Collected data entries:
_ _ _ _
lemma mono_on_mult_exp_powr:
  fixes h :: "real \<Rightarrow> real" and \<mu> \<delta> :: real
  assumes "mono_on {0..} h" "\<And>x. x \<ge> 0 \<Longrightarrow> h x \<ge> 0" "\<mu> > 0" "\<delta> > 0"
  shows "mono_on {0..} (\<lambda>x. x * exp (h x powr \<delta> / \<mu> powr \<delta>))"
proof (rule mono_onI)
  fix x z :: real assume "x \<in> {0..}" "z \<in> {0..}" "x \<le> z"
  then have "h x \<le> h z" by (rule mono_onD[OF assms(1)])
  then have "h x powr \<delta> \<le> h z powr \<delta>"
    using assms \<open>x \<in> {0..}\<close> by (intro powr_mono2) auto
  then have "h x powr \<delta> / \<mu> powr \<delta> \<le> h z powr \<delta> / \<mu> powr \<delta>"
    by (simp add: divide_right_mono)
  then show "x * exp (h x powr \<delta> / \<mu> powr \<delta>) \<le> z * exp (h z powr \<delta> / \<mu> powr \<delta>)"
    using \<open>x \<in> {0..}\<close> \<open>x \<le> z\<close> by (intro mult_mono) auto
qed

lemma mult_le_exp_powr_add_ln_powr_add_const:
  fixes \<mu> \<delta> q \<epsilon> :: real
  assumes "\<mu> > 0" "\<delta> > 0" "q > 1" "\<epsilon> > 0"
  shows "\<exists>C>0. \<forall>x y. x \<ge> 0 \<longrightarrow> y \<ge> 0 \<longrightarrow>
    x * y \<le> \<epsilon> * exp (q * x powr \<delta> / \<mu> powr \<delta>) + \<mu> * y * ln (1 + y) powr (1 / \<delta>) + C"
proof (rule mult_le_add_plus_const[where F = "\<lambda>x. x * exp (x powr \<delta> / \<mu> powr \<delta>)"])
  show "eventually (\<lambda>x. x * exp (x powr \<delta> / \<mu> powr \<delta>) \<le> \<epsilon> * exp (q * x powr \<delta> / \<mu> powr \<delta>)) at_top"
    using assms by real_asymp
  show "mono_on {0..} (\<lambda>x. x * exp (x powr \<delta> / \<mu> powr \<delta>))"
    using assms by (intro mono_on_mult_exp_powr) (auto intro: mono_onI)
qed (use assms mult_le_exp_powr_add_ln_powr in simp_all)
_ _ _ _
▶ WORK REQUEST
Exactly as they appear above, print all the entries.

▶ EXPECTED OUTPUT
lemma mono_on_mult_exp_powr:
  fixes h :: "real \<Rightarrow> real" and \<mu> \<delta> :: real
  assumes "mono_on {0..} h" "\<And>x. x \<ge> 0 \<Longrightarrow> h x \<ge> 0" "\<mu> > 0" "\<delta> > 0"
  shows "mono_on {0..} (\<lambda>x. x * exp (h x powr \<delta> / \<mu> powr \<delta>))"
proof (rule mono_onI)
  fix x z :: real assume "x \<in> {0..}" "z \<in> {0..}" "x \<le> z"
  then have "h x \<le> h z" by (rule mono_onD[OF assms(1)])
  then have "h x powr \<delta> \<le> h z powr \<delta>"
    using assms \<open>x \<in> {0..}\<close> by (intro powr_mono2) auto
  then have "h x powr \<delta> / \<mu> powr \<delta> \<le> h z powr \<delta> / \<mu> powr \<delta>"
    by (simp add: divide_right_mono)
  then show "x * exp (h x powr \<delta> / \<mu> powr \<delta>) \<le> z * exp (h z powr \<delta> / \<mu> powr \<delta>)"
    using \<open>x \<in> {0..}\<close> \<open>x \<le> z\<close> by (intro mult_mono) auto
qed

lemma mult_le_exp_powr_add_ln_powr_add_const:
  fixes \<mu> \<delta> q \<epsilon> :: real
  assumes "\<mu> > 0" "\<delta> > 0" "q > 1" "\<epsilon> > 0"
  shows "\<exists>C>0. \<forall>x y. x \<ge> 0 \<longrightarrow> y \<ge> 0 \<longrightarrow>
    x * y \<le> \<epsilon> * exp (q * x powr \<delta> / \<mu> powr \<delta>) + \<mu> * y * ln (1 + y) powr (1 / \<delta>) + C"
proof (rule mult_le_add_plus_const[where F = "\<lambda>x. x * exp (x powr \<delta> / \<mu> powr \<delta>)"])
  show "eventually (\<lambda>x. x * exp (x powr \<delta> / \<mu> powr \<delta>) \<le> \<epsilon> * exp (q * x powr \<delta> / \<mu> powr \<delta>)) at_top"
    using assms by real_asymp
  show "mono_on {0..} (\<lambda>x. x * exp (x powr \<delta> / \<mu> powr \<delta>))"
    using assms by (intro mono_on_mult_exp_powr) (auto intro: mono_onI)
qed (use assms mult_le_exp_powr_add_ln_powr in simp_all)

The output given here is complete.